1. A method of testing an information recording medium, comprising:

a step of attaching an artificial fingerprint to an incident surface of an information recording medium;

a step of reproducing a signal recorded in an attached region to which the artificial fingerprint has been attached; and

a step of judging whether the information recording medium is defective or non-defective based on a signal quality of the reproduced signal.

2. A method of testing an information recording medium according to claim 1,

wherein the step of judging judges whether the information recording medium is defective or non-defective based on an error rate as the signal quality.

3. A method of testing an information recording medium according to claim 1,

further comprising, before the step of attaching the artificial fingerprint, a step of recording the signal in at least the attached region.

4. A method of testing an information recording medium according to claim 1,

further comprising, after the step of attaching the artificial fingerprint, a step of recording the signal in at least the attached region.

5. A method of testing an information recording medium according to claim 1,

comprising, as the step of attaching the artificial fingerprint, at least a first substep of pressing a transfer member onto an artificial fingerprint liquid supplying member, which has been impregnated with artificial fingerprint liquid or to which artificial fingerprint liquid has been attached, to attach the artificial fingerprint liquid to the transfer member and a second substep of pressing the transfer member, onto which the artificial fingerprint liquid has been attached, onto the incident surface of the information recording medium.

6. A method of testing an information recording medium according to claim 5,

wherein when testing a plurality of information recording media, a pressing pressure of the transfer member on the artificial fingerprint liquid supplying member is kept constant in the step of attaching the artificial fingerprint.

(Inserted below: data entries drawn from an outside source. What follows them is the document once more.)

lemma sum_scale_eq_sum_support:
  assumes "finite S"
  shows "(\<Sum>v\<in>S. scale (u v) v) = sum id {v\<in>S. u v = 1}"
proof -
  have "(\<Sum>v\<in>S. scale (u v) v) = (\<Sum>v\<in>S. if u v = 1 then id v else 0)"
    by (intro sum.cong refl) (metis bit_not_one_iff scale_one scale_zero_left id_apply)
  also have "\<dots> = sum id {v\<in>S. u v = 1}"
    using assms by (subst sum.inter_filter) auto
  finally show ?thesis .
qed

lemma polar_sum_pairwise_one:
  assumes "finite T" "T \<subseteq> S" "t \<in> S" "pairwise (\<lambda>u v. polar Q u v = 1) S"
  shows "polar Q t (sum id T) = of_nat (card (T - {t}))"
proof -
  have "polar Q t (sum id T) = (\<Sum>u\<in>T. polar Q t u)" by (simp add: polar_sum_right)
  also have "\<dots> = (\<Sum>u\<in>T - {t}. polar Q t u)"
    using assms(1) by (cases "t \<in> T") (simp_all add: sum.remove polar_self)
  also have "\<dots> = (\<Sum>u\<in>T - {t}. 1)"
    using assms(2-4) by (intro sum.cong refl) (auto simp: pairwise_def)
  finally show ?thesis by simp
qed

text \<open>If \<open>\<Sum>T = 0\<close>, every \<open>t \<in> S\<close> sees \<open>|T - {t}|\<close> even; for \<open>t \<in> T\<close> this makes \<open>|T|\<close> odd,
  for \<open>t \<notin> T\<close> even, and \<open>T = S\<close> is excluded by \<open>|S|\<close> even.\<close>
lemma sum_pairwise_one_neq_zero:
  assumes fin: "finite S" and ev: "even (card S)"
    and gram: "pairwise (\<lambda>u v. polar Q u v = 1) S"
    and TS: "T \<subseteq> S" and ne: "T \<noteq> {}"
  shows "sum id T \<noteq> 0"
proof
  assume sum0: "sum id T = 0"
  have fT: "finite T" using fin TS finite_subset by blast
  have even_card: "even (card (T - {t}))" if "t \<in> S" for t
    using polar_sum_pairwise_one[OF fT TS that gram] sum0
    by (simp add: polar_zero_right of_nat_bit_eq split: if_splits)
  obtain t where t: "t \<in> T" using ne by blast
  have "odd (card T)"
    using even_card[of t] t TS fT ne by (cases "card T") (auto simp: card_Diff_singleton)
  moreover have "T \<noteq> S" using ev \<open>odd (card T)\<close> by auto
  then obtain t' where "t' \<in> S" "t' \<notin> T" using TS by blast
  ultimately show False using even_card[of t'] by simp
qed

lemma independent_if_even_pairwise_one:
  assumes fin: "finite S" and ev: "even (card S)"
    and gram: "pairwise (\<lambda>u v. polar Q u v = 1) S"
  shows "\<not> dependent S"
proof
  assume "dependent S"
  then obtain u where u: "\<exists>v\<in>S. u v \<noteq> 0" "(\<Sum>v\<in>S. scale (u v) v) = 0"
    using dependent_finite[OF fin] by blast
  have "sum id {v\<in>S. u v = 1} \<noteq> 0"
    using u(1) by (intro sum_pairwise_one_neq_zero[OF fin ev gram]) auto
  then show False using u(2) sum_scale_eq_sum_support[OF fin] by simp
qed
(* Consider $N$ nodes communicating over a fixed, undirected, connected graph $\mathcal{G}=(\mathcal{V},\mathcal{E})$ with $\mathcal{V}=\{1,\dots,N\}$ and diameter $d_G$, running the asynchronous distributed logic-AND algorithm described in the context. Assume that for each node $i$ there exists $\bar T_i$ such that the waiting time satisfies $T_i\le \bar T_i$ in every awakening cycle. Suppose that when a flag $C_i$ switches from $0$ to $1$, it remains equal to $1$ indefinitely. Then a node $i$ satisfies $\prod_{b=1}^{d_i}S_i[d_G,b]=1$ in finite time if and only if at a certain time instant one has $C_j=1$ for all $j\in\mathcal{V}$.
   Context: Notation: $\mathcal{N}_i=\{j\in\mathcal{V}:(i,j)\in\mathcal{E}\}\cup\{i\}$ is the set of neighbors of node $i$ including $i$ itself, and $d_i=|\mathcal{N}_i|$. For a matrix $A$, $A[l,j]$ is its $(l,j)$ entry, $A[:,j]$ its $j$-th column, $A[l,:]$ its $l$-th row; writing $A[l,:]\gets 1$ sets all entries of row $l$ to $1$. Asynchronous communication model: each node has a local clock $\tau_i$ and a waiting time $T_i$. While $\tau_i<T_i$ the node is IDLE (it listens for messages from neighbors and may update local variables). When $\tau_i=T_i$ it becomes AWAKE, performs local computations, broadcasts information to its neighbors, resets $\tau_i=0$ and selects a new waiting time $T_i$. Logic-AND algorithm: each node $i$ has a flag $C_i\in\{0,1\}$, initially $0$, and a matrix $S_i\in\{0,1\}^{d_G\times d_i}$, initially zero. The columns of $S_i$ are indexed by the neighbors: node $i$ assigns to each $j\in\mathcal{N}_i\setminus\{i\}$ a column index $j|_i$, and column $d_i$ refers to node $i$ itself. When AWAKE, node $i$ does: if $\prod_{l=1}^{d_i}S_i[d_G,l]\neq 1$, set $S_i[1,d_i]\gets C_i$, then set $S_i[l,d_i]\gets\prod_{b=1}^{d_i}S_i[l-1,b]$ for $l=2,\dots,d_G$, and broadcast the column $S_i[:,d_i]$ to all $j\in\mathcal{N}_i\setminus\{i\}$. Then, if $\prod_{l=1}^{d_i}S_i[d_G,l]=1$, node $i$ stops and sends a STOP signal to all $j\in\mathcal{N}_i\setminus\{i\}$. When IDLE, node $i$ does: if a column $S_j[:,d_j]$ is received from $j\in\mathcal{N}_i\setminus\{i\}$ and no STOP signal has been received, set $S_i[l,j|_i]\gets S_j[l,d_j]$ for $l=1,\dots,d_G$; if a STOP signal is received, set $S_i[d_G,:]\gets 1$. *)

theory Defs
  imports Main
begin
text \<open>The algebraic part g of system (Alt), as a function of the algebraic variables eta,
  with the differential variables (n, xh) and the control values (including dP/dt = Pd) fixed.\<close>
definition gfun :: "nat \<Rightarrow> 'c::finite \<Rightarrow> ('c \<Rightarrow> real \<Rightarrow> real \<Rightarrow> real^'c \<Rightarrow> real)
    \<Rightarrow> (real \<Rightarrow> real^'c \<Rightarrow> real) \<Rightarrow> (real \<Rightarrow> real^'c \<Rightarrow> real) \<Rightarrow> (real \<Rightarrow> real)
    \<Rightarrow> real \<Rightarrow> real \<Rightarrow> real \<Rightarrow> real \<Rightarrow> real
    \<Rightarrow> (nat \<Rightarrow> real) \<Rightarrow> (nat \<Rightarrow> real^'c) \<Rightarrow> ('c avar \<Rightarrow> real) \<Rightarrow> 'c eqn \<Rightarrow> real" where
  "gfun S cC fvle fhl fhv fhold eps P Pd Q Tc n xh \<eta> e =
    (let V = (\<lambda>j. \<eta> (VV j)); y = yst \<eta>; H = (\<lambda>j. \<eta> (HV j)); T = (\<lambda>j. \<eta> (TV j));
         L = (\<lambda>j. \<eta> (LV j)); x = xst cC xh \<eta>;
         a = (\<lambda>j. avec fvle fhl P (T j) (x j)); b = (\<lambda>j. bfun fvle fhl P (T j) (x j))
     in case e of
       AEBAL j \<Rightarrow>
         (if j = 1 then
            (L 1 - V 1) * fhl (T 1) (x 1)
            + a 1 \<bullet> (L 1 *\<^sub>R (x 2 - x 1) - V 1 *\<^sub>R (y 1 - x 1))
            + n 1 * b 1 * Pd
            - (L 1 * fhl (T 2) (x 2) - V 1 * fhv (T 1) (y 1) + Q)
          else if j = S then
            (- eps * V S - L (S-1) + V (S-1)) * fhl (T S) (x S)
            + a S \<bullet> (- (eps * V S) *\<^sub>R (y S - x S) + V (S-1) *\<^sub>R (y (S-1) - x S))
            + n S * b S * Pd
            - ((1 - eps) * V S * fhl Tc (y S) - V S * fhv (T S) (y S)
               - L (S-1) * fhl (T S) (x S) + V (S-1) * fhv (T (S-1)) (y (S-1)))
          else
            (L j - V j - L (j-1) + V (j-1)) * fhl (T j) (x j)
            + a j \<bullet> (L j *\<^sub>R (x (j+1) - x j) - V j *\<^sub>R (y j - x j) + V (j-1) *\<^sub>R (y (j-1) - x j))
            + n j * b j * Pd
            - (L j * fhl (T (j+1)) (x (j+1)) - V j * fhv (T j) (y j)
               - L (j-1) * fhl (T j) (x j) + V (j-1) * fhv (T (j-1)) (y (j-1))))
     | YDEF j i \<Rightarrow> y j $ i - fvle i P (T j) (x j)
     | EDEF j \<Rightarrow> H j - n j * fhl (T j) (x j)
     | YSUM j \<Rightarrow> (\<Sum>i\<in>UNIV. fvle i P (T j) (x j)) - 1
     | XSUM j \<Rightarrow> \<eta> (XCV j) - 1 + (\<Sum>i\<in>UNIV - {cC}. xh j $ i)
     | HOLD j \<Rightarrow> n j - fhold (L (j-1)))"

definition jac :: "(('c avar \<Rightarrow> real) \<Rightarrow> 'c eqn \<Rightarrow> real) \<Rightarrow> ('c avar \<Rightarrow> real) \<Rightarrow> 'c eqn \<Rightarrow> 'c avar \<Rightarrow> real" where
  "jac G \<eta> e v = deriv (\<lambda>s. G (\<eta>(v := \<eta> v + s)) e) 0"

definition nonsingular :: "'r set \<Rightarrow> 'k set \<Rightarrow> ('r \<Rightarrow> 'k \<Rightarrow> real) \<Rightarrow> bool" where
  "nonsingular R K M \<longleftrightarrow> (\<exists>N :: 'k \<Rightarrow> 'r \<Rightarrow> real.
      (\<forall>r\<in>R. \<forall>r'\<in>R. (\<Sum>k\<in>K. M r k * N k r') = (if r = r' then 1 else 0)) \<and>
      (\<forall>k\<in>K. \<forall>k'\<in>K. (\<Sum>r\<in>R. N k r * M r k') = (if k = k' then 1 else 0)))"

definition eta_at :: "(nat \<Rightarrow> real \<Rightarrow> real) \<Rightarrow> (nat \<Rightarrow> real \<Rightarrow> real^'c::finite) \<Rightarrow> (nat \<Rightarrow> real \<Rightarrow> real)
    \<Rightarrow> (nat \<Rightarrow> real \<Rightarrow> real) \<Rightarrow> (nat \<Rightarrow> real \<Rightarrow> real^'c) \<Rightarrow> (nat \<Rightarrow> real \<Rightarrow> real) \<Rightarrow> 'c \<Rightarrow> real
    \<Rightarrow> 'c avar \<Rightarrow> real" where
  "eta_at V y H T x L cC t v = (case v of VV j \<Rightarrow> V j t | YV j i \<Rightarrow> y j t $ i | HV j \<Rightarrow> H j t
      | TV j \<Rightarrow> T j t | XCV j \<Rightarrow> x j t $ cC | LV j \<Rightarrow> L j t)"

definition alt_solution :: "real set \<Rightarrow> nat \<Rightarrow> 'c::finite \<Rightarrow> ('c \<Rightarrow> real \<Rightarrow> real \<Rightarrow> real^'c \<Rightarrow> real)
    \<Rightarrow> (real \<Rightarrow> real^'c \<Rightarrow> real) \<Rightarrow> (real \<Rightarrow> real^'c \<Rightarrow> real) \<Rightarrow> (real \<Rightarrow> real)
    \<Rightarrow> (real \<Rightarrow> real) \<Rightarrow> (real \<Rightarrow> real) \<Rightarrow> (real \<Rightarrow> real) \<Rightarrow> (real \<Rightarrow> real)
    \<Rightarrow> (nat \<Rightarrow> real \<Rightarrow> real) \<Rightarrow> (nat \<Rightarrow> real \<Rightarrow> real) \<Rightarrow> (nat \<Rightarrow> real \<Rightarrow> real) \<Rightarrow> (nat \<Rightarrow> real \<Rightarrow> real)
    \<Rightarrow> (nat \<Rightarrow> real \<Rightarrow> real^'c) \<Rightarrow> (nat \<Rightarrow> real \<Rightarrow> real^'c) \<Rightarrow> (nat \<Rightarrow> real \<Rightarrow> real) \<Rightarrow> bool" where
  "alt_solution I S cC fvle fhl fhv fhold eps P Q Tc n H T V x y L \<longleftrightarrow>
    (\<forall>j\<in>{1..S}. C1_on I (n j) \<and> C1_on I (H j) \<and> C1_on I (T j) \<and> C1_on I (V j)
                 \<and> C1_on I (x j) \<and> C1_on I (y j)) \<and>
    (\<forall>j\<in>{1..S-1}. C1_on I (L j)) \<and>
    (\<forall>t\<in>I.
      \<comment> \<open>(TM)\<close>
      tder I (n 1) t = L 1 t - V 1 t \<and>
      (\<forall>j\<in>{2..S-1}. tder I (n j) t = L j t - V j t - L (j-1) t + V (j-1) t) \<and>
      tder I (n S) t = - eps t * V S t - L (S-1) t + V (S-1) t \<and>
      \<comment> \<open>(CM_0), for the components i other than the distinguished C-th one\<close>
      (\<forall>i. i \<noteq> cC \<longrightarrow>
        tder I (\<lambda>s. x 1 s $ i) t
          = (L 1 t * (x 2 t $ i - x 1 t $ i) - V 1 t * (y 1 t $ i - x 1 t $ i)) / n 1 t \<and>
        (\<forall>j\<in>{2..S-1}. tder I (\<lambda>s. x j s $ i) t
          = (L j t * (x (j+1) t $ i - x j t $ i) - V j t * (y j t $ i - x j t $ i)
             + V (j-1) t * (y (j-1) t $ i - x j t $ i)) / n j t) \<and>
        tder I (\<lambda>s. x S s $ i) t
          = (eps t * V S t * (x S t $ i - y S t $ i) + V (S-1) t * (y (S-1) t $ i - x S t $ i)) / n S t) \<and>
      \<comment> \<open>algebraic equations g = 0\<close>
      (\<forall>e\<in>Eqs S. gfun S cC fvle fhl fhv fhold (eps t) (P t) (tder I P t) (Q t) (Tc t)
                    (\<lambda>j. n j t) (\<lambda>j. x j t) (eta_at V y H T x L cC t) e = 0))"

end

(* Gaussian elimination on the Jacobian.  Once the pivots of the earlier rows are removed, each
   of the rows xsum, hold, ysum, edef and ydef has a single non-zero entry, at x_C^j, L^(j-1),
   T^j, H^j and y_i^j respectively: these entries are 1, except -f_holdup'(L^(j-1)) and
   sum_i d_T f_vle,i, which are non-zero by hypothesis.  What remains is the square block of the
   enthalpy balances against the vapour flows, which is lower triangular because aebal^j involves
   V^j and V^(j-1) only; its diagonal entries d aebal^j / d V^j are the expressions of the
   theorem. *)

theory Submission
  imports Defs
begin
lemma w_nth: "w $ i = y $ (i + v0)" by (simp add: w_def)

lemma w_initial: "i < p + L \<Longrightarrow> w $ i = (if i = p then 1 else 0)"
  using y_below_v1[of "i + v0"] y_v1 y_between[of "i + v0"] v0_less_v1 v1_less_lam
  by (cases "i + v0 < v1 \<or> i + v0 = v1") (auto simp: w_nth p_def L_def)

lemma w_pL: "w $ (p + L) = 1"
  using v0_less_v1 v1_less_lam y_lam by (simp add: w_nth p_def L_def)

lemma w0: "w $ 0 = 0" using w_initial[of 0] p_pos by simp

lemma X_power_v0_times_w: "fps_X ^ v0 * w = y"
  by (rule fps_ext) (use y_below_v1 v0_less_v1 in \<open>simp add: fps_X_power_mult_nth w_nth\<close>)

lemma w_power_initial: "n < k * p + L \<Longrightarrow> (w ^ k) $ n = (if n = k * p then 1 else 0)"
  using power_initial_segment[OF p_pos w_initial] by blast

subsection \<open>The reparametrisation rho = t (1 + beta w)^(1/v0)\<close>

text \<open>root_power beta j = (1 + beta w)^(j/v0), so that rho^j = t^j root_power beta j.\<close>
definition root_power :: "complex \<Rightarrow> nat \<Rightarrow> complex fps" where
  "root_power \<beta> j = fps_binomial (of_nat j / of_nat v0) oo (fps_const \<beta> * w)"

definition rho :: "complex \<Rightarrow> complex fps" where
  "rho \<beta> = fps_X * root_power \<beta> 1"

lemma rho0: "rho \<beta> $ 0 = 0" by (simp add: rho_def)

lemma beta_w0: "(fps_const \<beta> * w) $ 0 = 0" by (simp add: w0)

7. A method of testing an information recording medium according to claim 5,

wherein when testing a plurality of information recording media, a pressing pressure of the transfer member on the incident surface is kept constant in the step of attaching the artificial fingerprint.

8. A method of testing an information recording medium according to claim 5,

wherein an amount of the artificial fingerprint liquid impregnated in or attached to the artificial fingerprint liquid supplying member is kept at a predetermined amount.

9. A method of testing an information recording medium according to claim 1,

wherein the step of reproducing the signal is carried out in an environment that satisfies a condition where λ/NA is 640 nm or below where λ is a wavelength of a laser beam used to reproduce the signal and NA is a numerical aperture of an objective lens for focusing the laser beam.

10. A method of testing an information recording medium according to claim 9,

wherein an information recording medium whose light transmitting layer is no thicker than 200 μm is tested.

11. A method of testing an information recording medium according to claim 1,

wherein the information recording medium that is tested is constructed for use as a bare disc.

12. An information recording medium testing apparatus, comprising:

a fingerprint attaching unit that attaches an artificial fingerprint onto an incident surface of an information recording medium;

a signal reproducing unit that reproduces a signal recorded in an attached region to which the artificial fingerprint has been attached; and

a judging unit that judges whether the information recording medium is defective or non-defective based on a signal quality of the reproduced signal.